Am 1. Mai 1884 wurde die Gemeinde der Apostelkirche als Tochtergemeinde der Christuskirche gegründet, da die Christuskirche für die damals 30.000 Gemeindemitglieder nicht mehr ausreichte.


Zerstörung und Wiederaufbau

Im Verlauf der Luftangriffe auf Hannover während des Zweiten Weltkriegs wurde die 1934 renovierte Kirche mehrmals schwer beschädigt. Der Innenraum mit dem hölzernen Kirchengestühl brannte 1943 vollständig aus. Ebenso Orgel, Orgelempore und der Glockenstuhl mit den drei mehr als 6 Tonnen schweren Stahlglocken, welche den Sturz aus über 20 m Höhe jedoch nahezu unbeschädigt überlebten.

Mit dem Wiederaufbau konnte wegen der wirtschaftlich schwierigen Nachkriegsjahre erst 1951 begonnen werden. Die erforderlichen Renovierungsmittel wurden aus Spenden von Gemeindegliedern, Mitteln der Landeskirche und Beiträgen aus dem neu gegründeten Kirchbauverein aufgebracht, so dass am Heiligabend 1953 erstmals wieder ein Gottesdienst stattfinden konnte.

Im selben Jahr wurde 1953 als städtebauliches Pendant am anderen Ende des Klagesmarktes das neungeschossige Gewerkschaftshaus des Deutschen Gewerkschaftsbundes Niedersachsen fertiggestellt.

Den Abschluss der nach dem Kriege durchgeführten Renovierungsarbeiten bildete der Einbau der neuen Orgel durch Orgelbaumeister Hillebrand. Sie konnte am 4. Advent 1958 eingeweiht werden. Das Schleifladen-Instrument hat 55 Register auf vier Manualen und Pedal. Die Trakturen sind mechanisch.

Vor allem aufgrund der schweren Kriegsschäden wird der kulturhistorisch wertvolle Bau seit Mitte der 1980er Jahre saniert. Den Anfang machte eine aufwendige Turmhelmsanierung über ein Außengerüst, welche 1988 abgeschlossen wurde. Es folgten mehrere Bauabschnitte zur Sanierung von Dach und Außenfassaden. Seit dem Abschluss der Arbeiten am polygonalen Kapellenkranz ist die Kirche wieder ohne Gerüst.


Expo 2000

Während der Expo 2000 machte die Diakonie die Christuskirche durch Veranstaltungen und Ausstellungen zur Diakoniekirche und brachte auf diese Weise soziale Themen in das Expo-Geschehen ein.
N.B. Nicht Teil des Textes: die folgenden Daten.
(* (a) If $x,y\in I$, then $xy\in I$ and $yx\in I$. (b) If $x,y\in\beta\mathbb{N}$ with $x\in I$ and $y\notin I$, then $xy\in I$ and $yx\in I$.
   Context: $\mathbb{N}=\{1,2,3,\dots\}$; $\beta\mathbb{N}$ is the set of ultrafilters on $\mathbb{N}$ (Stone–Čech compactification, naturals identified with principal ultrafilters), with multiplication: $A\in xy$ iff $\{n\in\mathbb{N}:A/n\in y\}\in x$, where $A/n=\{m:mn\in A\}$. For $A\subseteq\mathbb{N}$, $\overline{A}=\{x\in\beta\mathbb{N}:A\in x\}$. $P$ is the set of primes, $L_0=\{1\}$, $L_n=\{a_1\cdots a_n:a_i\in P\}$. $I=\bigcap_{i=0}^\infty\overline{\mathbb{N}\setminus L_i}$ (ultrafilters containing none of the $L_i$). *)

theory Defs
  imports "HOL-Computational_Algebra.Primes"
begin

definition Npos :: "nat set" where "Npos = {1..}"

definition is_ultrafilter :: "nat set set \<Rightarrow> bool" where
  "is_ultrafilter U \<longleftrightarrow>
     U \<subseteq> Pow Npos \<and> Npos \<in> U \<and> {} \<notin> U \<and>
     (\<forall>A B. A \<in> U \<and> B \<in> U \<longrightarrow> A \<inter> B \<in> U) \<and>
     (\<forall>A B. A \<in> U \<and> A \<subseteq> B \<and> B \<subseteq> Npos \<longrightarrow> B \<in> U) \<and>
     (\<forall>A. A \<subseteq> Npos \<longrightarrow> A \<in> U \<or> Npos - A \<in> U)"

definition betaN :: "nat set set set" where
  "betaN = {U. is_ultrafilter U}"

definition divset :: "nat set \<Rightarrow> nat \<Rightarrow> nat set" where
  "divset A n = {m \<in> Npos. m * n \<in> A}"

definition umult :: "nat set set \<Rightarrow> nat set set \<Rightarrow> nat set set" where
  "umult x y = {A. A \<subseteq> Npos \<and> {n \<in> Npos. divset A n \<in> y} \<in> x}"

text \<open>L_n: products of exactly n primes (with repetition); L_0 = {1}.\<close>
definition Lset :: "nat \<Rightarrow> nat set" where
  "Lset k = {m. \<exists>ps. length ps = k \<and> (\<forall>p\<in>set ps. prime p) \<and> m = prod_list ps}"

definition ucl :: "nat set \<Rightarrow> nat set set set" where
  "ucl A = {x \<in> betaN. A \<in> x}"

definition Iset :: "nat set set set" where
  "Iset = (\<Inter>i. ucl (Npos - Lset i))"

end

theory Submission
  imports Defs
begin

text \<open>Let \<open>\<Omega>(n)\<close> be the number of prime factors of \<open>n\<close> counted with multiplicity, so that
  \<open>L\<^sub>k = {n. \<Omega>(n) = k}\<close>. Since \<open>\<Omega>\<close> is additive, \<open>m n \<in> L\<^sub>k\<close> forces \<open>\<Omega>(n) \<le> k\<close> and
  \<open>m \<in> L\<^bsub>k - \<Omega>(n)\<^esub>\<close>. Hence if \<open>L\<^sub>k \<in> x y\<close>, then \<open>x\<close> contains \<open>{n. \<Omega>(n) \<le> k}\<close>, a finite union
  of the sets \<open>L\<^sub>i\<close>; and if \<open>L\<^sub>k \<in> y x\<close>, then \<open>x\<close> contains some \<open>L\<^sub>k/n \<subseteq> L\<^bsub>k - \<Omega>(n)\<^esub>\<close>.
  Either way \<open>x \<notin> I\<close>.\<close>

definition bigomega :: "nat \<Rightarrow> nat" where
  "bigomega n = size (prime_factorization n)"

lemma bigomega_mult: "m > 0 \<Longrightarrow> n > 0 \<Longrightarrow> bigomega (m * n) = bigomega m + bigomega n"
  by (simp add: bigomega_def prime_factorization_mult)

lemma Lset_eq: "Lset k = {n. n > 0 \<and> bigomega n = k}"
proof (intro set_eqI iffI)
  fix n assume "n \<in> Lset k"
  then obtain ps where ps: "length ps = k" "\<forall>p\<in>set ps. prime p" "n = prod_list ps"
    unfolding Lset_def by blast
  have "prime_factorization (prod_mset (mset ps)) = mset ps"
    using ps(2) by (intro prime_factorization_prod_mset_primes) auto
  moreover have "n > 0"
    using ps(2,3) by (metis neq0_conv not_prime_0 prod_list_zero_iff)
  ultimately show "n \<in> {n. n > 0 \<and> bigomega n = k}"
    using ps by (simp add: bigomega_def prod_mset_prod_list)
next
  fix n assume "n \<in> {n. n > 0 \<and> bigomega n = k}"
  hence n: "n > 0" "bigomega n = k" by auto
  obtain ps where ps: "mset ps = prime_factorization n" using ex_mset by blast
  have "length ps = k" using n ps by (metis bigomega_def size_mset)
  moreover have "\<forall>p\<in>set ps. prime p"
    using ps by (metis in_prime_factors_imp_prime set_mset_mset)
  moreover have "n = prod_list ps"
    using ps n by (metis prod_mset_prime_factorization_nat prod_mset_prod_list)
  ultimately show "n \<in> Lset k" unfolding Lset_def by blast
qed

lemma Lset_subset_Npos: "Lset k \<subseteq> Npos"
  by (auto simp: Lset_eq Npos_def)

lemma divset_Lset:
  assumes "n \<in> Npos"
  shows "divset (Lset k) n = (if bigomega n \<le> k then Lset (k - bigomega n) else {})"
  using assms by (auto simp: divset_def Lset_eq Npos_def bigomega_mult)

lemma is_ultrafilter_Npos: "is_ultrafilter U \<Longrightarrow> Npos \<in> U"
  unfolding is_ultrafilter_def by (elim conjE)

lemma is_ultrafilter_empty: "is_ultrafilter U \<Longrightarrow> {} \<notin> U"
  unfolding is_ultrafilter_def by (elim conjE)

lemma is_ultrafilter_mono: "is_ultrafilter U \<Longrightarrow> A \<in> U \<Longrightarrow> A \<subseteq> B \<Longrightarrow> B \<subseteq> Npos \<Longrightarrow> B \<in> U"
  unfolding is_ultrafilter_def by blast

lemma is_ultrafilter_Int_iff:
  assumes U: "is_ultrafilter U" and "A \<subseteq> Npos" "B \<subseteq> Npos"
  shows "A \<inter> B \<in> U \<longleftrightarrow> A \<in> U \<and> B \<in> U"
  using is_ultrafilter_mono[OF U, of "A \<inter> B"] assms
  by (auto simp: is_ultrafilter_def)

lemma is_ultrafilter_Diff_iff:
  assumes U: "is_ultrafilter U" and "A \<subseteq> Npos"
  shows "Npos - A \<in> U \<longleftrightarrow> A \<notin> U"
proof
  assume "Npos - A \<in> U"
  then show "A \<notin> U"
    using is_ultrafilter_Int_iff[OF U, of A "Npos - A"] is_ultrafilter_empty[OF U] assms by auto
next
  show "A \<notin> U \<Longrightarrow> Npos - A \<in> U" using U assms unfolding is_ultrafilter_def by blast
qed

lemma is_ultrafilterI:
  assumes sub: "U \<subseteq> Pow Npos" and "Npos \<in> U"
    and Int: "\<And>A B. A \<subseteq> Npos \<Longrightarrow> B \<subseteq> Npos \<Longrightarrow> A \<inter> B \<in> U \<longleftrightarrow> A \<in> U \<and> B \<in> U"
    and Diff: "\<And>A. A \<subseteq> Npos \<Longrightarrow> Npos - A \<in> U \<longleftrightarrow> A \<notin> U"
  shows "is_ultrafilter U"
  unfolding is_ultrafilter_def
proof (intro conjI allI impI)
  show "{} \<notin> U" using Diff[of Npos] \<open>Npos \<in> U\<close> by simp
  show "A \<inter> B \<in> U" if "A \<in> U \<and> B \<in> U" for A B
    using that sub Int[of A B] by blast
  show "B \<in> U" if "A \<in> U \<and> A \<subseteq> B \<and> B \<subseteq> Npos" for A B
    using that sub Int[of A B] by (auto simp: Int_absorb2)
  show "A \<in> U \<or> Npos - A \<in> U" if "A \<subseteq> Npos" for A
    using that Diff by blast
qed (use assms in auto)

lemma is_ultrafilter_Un:
  assumes U: "is_ultrafilter U" and A: "A \<subseteq> Npos" and B: "B \<subseteq> Npos" and "A \<union> B \<in> U"
  shows "A \<in> U \<or> B \<in> U"
proof -
  have "Npos - (A \<union> B) = (Npos - A) \<inter> (Npos - B)" by blast
  moreover have "Npos - (A \<union> B) \<notin> U"
    using assms is_ultrafilter_Diff_iff[OF U, of "A \<union> B"] by simp
  ultimately show ?thesis
    using is_ultrafilter_Int_iff[OF U, of "Npos - A" "Npos - B"]
      is_ultrafilter_Diff_iff[OF U A] is_ultrafilter_Diff_iff[OF U B] by auto
qed

lemma is_ultrafilter_UN:
  assumes U: "is_ultrafilter U" and "finite I" and "\<And>i. i \<in> I \<Longrightarrow> A i \<subseteq> Npos"
    and "(\<Union>i\<in>I. A i) \<in> U"
  shows "\<exists>i\<in>I. A i \<in> U"
  using assms(2-)
proof (induction I rule: finite_induct)
  case empty
  then show ?case using is_ultrafilter_empty[OF U] by simp
next
  case (insert j I)
  then have "A j \<in> U \<or> (\<Union>i\<in>I. A i) \<in> U"
    by (intro is_ultrafilter_Un[OF U]) auto
  then show ?case using insert by blast
qed

lemma umult_is_ultrafilter:
  assumes x: "is_ultrafilter x" and y: "is_ultrafilter y"
  shows "is_ultrafilter (umult x y)"
proof -
  define f where "f A = {n \<in> Npos. divset A n \<in> y}" for A
  have divset_sub: "divset A n \<subseteq> Npos" for A n by (auto simp: divset_def)
  have f_sub: "f A \<subseteq> Npos" for A by (auto simp: f_def)
  have mem: "A \<in> umult x y \<longleftrightarrow> A \<subseteq> Npos \<and> f A \<in> x" for A
    by (simp add: umult_def f_def)
  have "n \<in> Npos \<Longrightarrow> divset Npos n = Npos" for n
    by (auto simp: divset_def Npos_def)
  then have "f Npos = Npos"
    using is_ultrafilter_Npos[OF y] by (auto simp: f_def)
  moreover have "f (A \<inter> B) = f A \<inter> f B" for A B
  proof -
    have "divset (A \<inter> B) n = divset A n \<inter> divset B n" for n by (auto simp: divset_def)
    then show ?thesis by (auto simp: f_def is_ultrafilter_Int_iff[OF y divset_sub divset_sub])
  qed
  moreover have "f (Npos - A) = Npos - f A" for A
  proof -
    have "n \<in> Npos \<Longrightarrow> divset (Npos - A) n = Npos - divset A n" for n
      by (auto simp: divset_def Npos_def)
    then show ?thesis by (auto simp: f_def is_ultrafilter_Diff_iff[OF y divset_sub])
  qed
  ultimately show ?thesis
    using is_ultrafilter_Npos[OF x] is_ultrafilter_Int_iff[OF x f_sub f_sub]
      is_ultrafilter_Diff_iff[OF x f_sub]
    by (intro is_ultrafilterI) (auto simp: mem)
qed

lemma Iset_iff: "x \<in> Iset \<longleftrightarrow> is_ultrafilter x \<and> (\<forall>k. Lset k \<notin> x)"
  using is_ultrafilter_Diff_iff[OF _ Lset_subset_Npos]
  by (auto simp: Iset_def ucl_def betaN_def)

lemma Iset_bigomega_bounded_notin:
  assumes "x \<in> Iset"
  shows "{n \<in> Npos. bigomega n \<le> k} \<notin> x"
proof
  assume "{n \<in> Npos. bigomega n \<le> k} \<in> x"
  moreover have "{n \<in> Npos. bigomega n \<le> k} = (\<Union>i\<le>k. Lset i)"
    by (auto simp: Lset_eq Npos_def)
  ultimately show False
    using assms is_ultrafilter_UN[of x "{..k}" Lset] Lset_subset_Npos
    by (auto simp: Iset_iff)
qed

lemma umult_Iset_left:
  assumes x: "x \<in> Iset" and y: "is_ultrafilter y"
  shows "umult x y \<in> Iset"
proof -
  have xu: "is_ultrafilter x" using x by (simp add: Iset_iff)
  have "Lset k \<notin> umult x y" for k
  proof
    assume "Lset k \<in> umult x y"
    then have "{n \<in> Npos. divset (Lset k) n \<in> y} \<in> x" by (simp add: umult_def)
    moreover have "{n \<in> Npos. divset (Lset k) n \<in> y} \<subseteq> {n \<in> Npos. bigomega n \<le> k}"
      using is_ultrafilter_empty[OF y] by (auto simp: divset_Lset split: if_splits)
    ultimately have "{n \<in> Npos. bigomega n \<le> k} \<in> x"
      by (rule is_ultrafilter_mono[OF xu]) auto
    then show False using Iset_bigomega_bounded_notin[OF x] by blast
  qed
  then show ?thesis using umult_is_ultrafilter[OF xu y] by (simp add: Iset_iff)
qed

lemma umult_Iset_right:
  assumes x: "x \<in> Iset" and y: "is_ultrafilter y"
  shows "umult y x \<in> Iset"
proof -
  have xu: "is_ultrafilter x" using x by (simp add: Iset_iff)
  have "divset (Lset k) n \<notin> x" if "n \<in> Npos" for k n
    using that x is_ultrafilter_empty[OF xu] by (simp add: divset_Lset Iset_iff)
  then have "{n \<in> Npos. divset (Lset k) n \<in> x} = {}" for k by blast
  then have "Lset k \<notin> umult y x" for k
    using is_ultrafilter_empty[OF y] unfolding umult_def by (metis (no_types) mem_Collect_eq)
  then show ?thesis using umult_is_ultrafilter[OF y xu] by (simp add: Iset_iff)
qed

theorem theorem3p7:
  shows "(\<forall>x y. x \<in> Iset \<and> y \<in> Iset \<longrightarrow> umult x y \<in> Iset \<and> umult y x \<in> Iset)
     \<and> (\<forall>x y. x \<in> betaN \<and> y \<in> betaN \<and> x \<in> Iset \<and> y \<notin> Iset
             \<longrightarrow> umult x y \<in> Iset \<and> umult y x \<in> Iset)"
proof -
  have "y \<in> Iset \<Longrightarrow> is_ultrafilter y" for y by (simp add: Iset_iff)
  then show ?thesis using umult_Iset_left umult_Iset_right by (simp add: betaN_def)
qed

end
Zu Ehren ihres Erbauers wurde am 17. Juni 2007 der Kirchenvorplatz in Conrad-Wilhelm-Hase-Platz benannt.


Garten.Eden.Kirche

Vom 12. April bis 4. Oktober 2009 hat die Künstlerin Anne Nissen gemeinsam mit Landschaftsarchitekten die Christuskirche mitsamt dem sie umgebenden Conrad-Wilhelm-Hase-Platz temporär in einen Paradiesgarten (Garten.Eden.Kirche) verwandelt. Mehr als 50.000 Besucher besichtigten das Kunstprojekt, zu dem ein 32-seitiger Katalog erschien. Im Frühjahr 2010 wurden Spenden für die notwendige Innenrenovierung gesammelt.


Internationales Chorzentrum Hannover

Mit der Umgestaltung zum Internationalen Chorzentrum Hannover wird die Christuskirche ab 2013 ein komplett neues Innenleben erhalten. Das alte Kirchengestühl wurde bereits demontiert und nach Grodno/Weißrussland gespendet. Die reparaturbedürftige Orgel wurde ausgebaut und eingelagert. Als Nächstes werden Heizung und Technik erneuert. Nach dem Abschluss der Arbeiten im Turmbereich und Einbau mehrerer Probenräume wird der Mädchenchor Hannover als permanenter Mieter einziehen.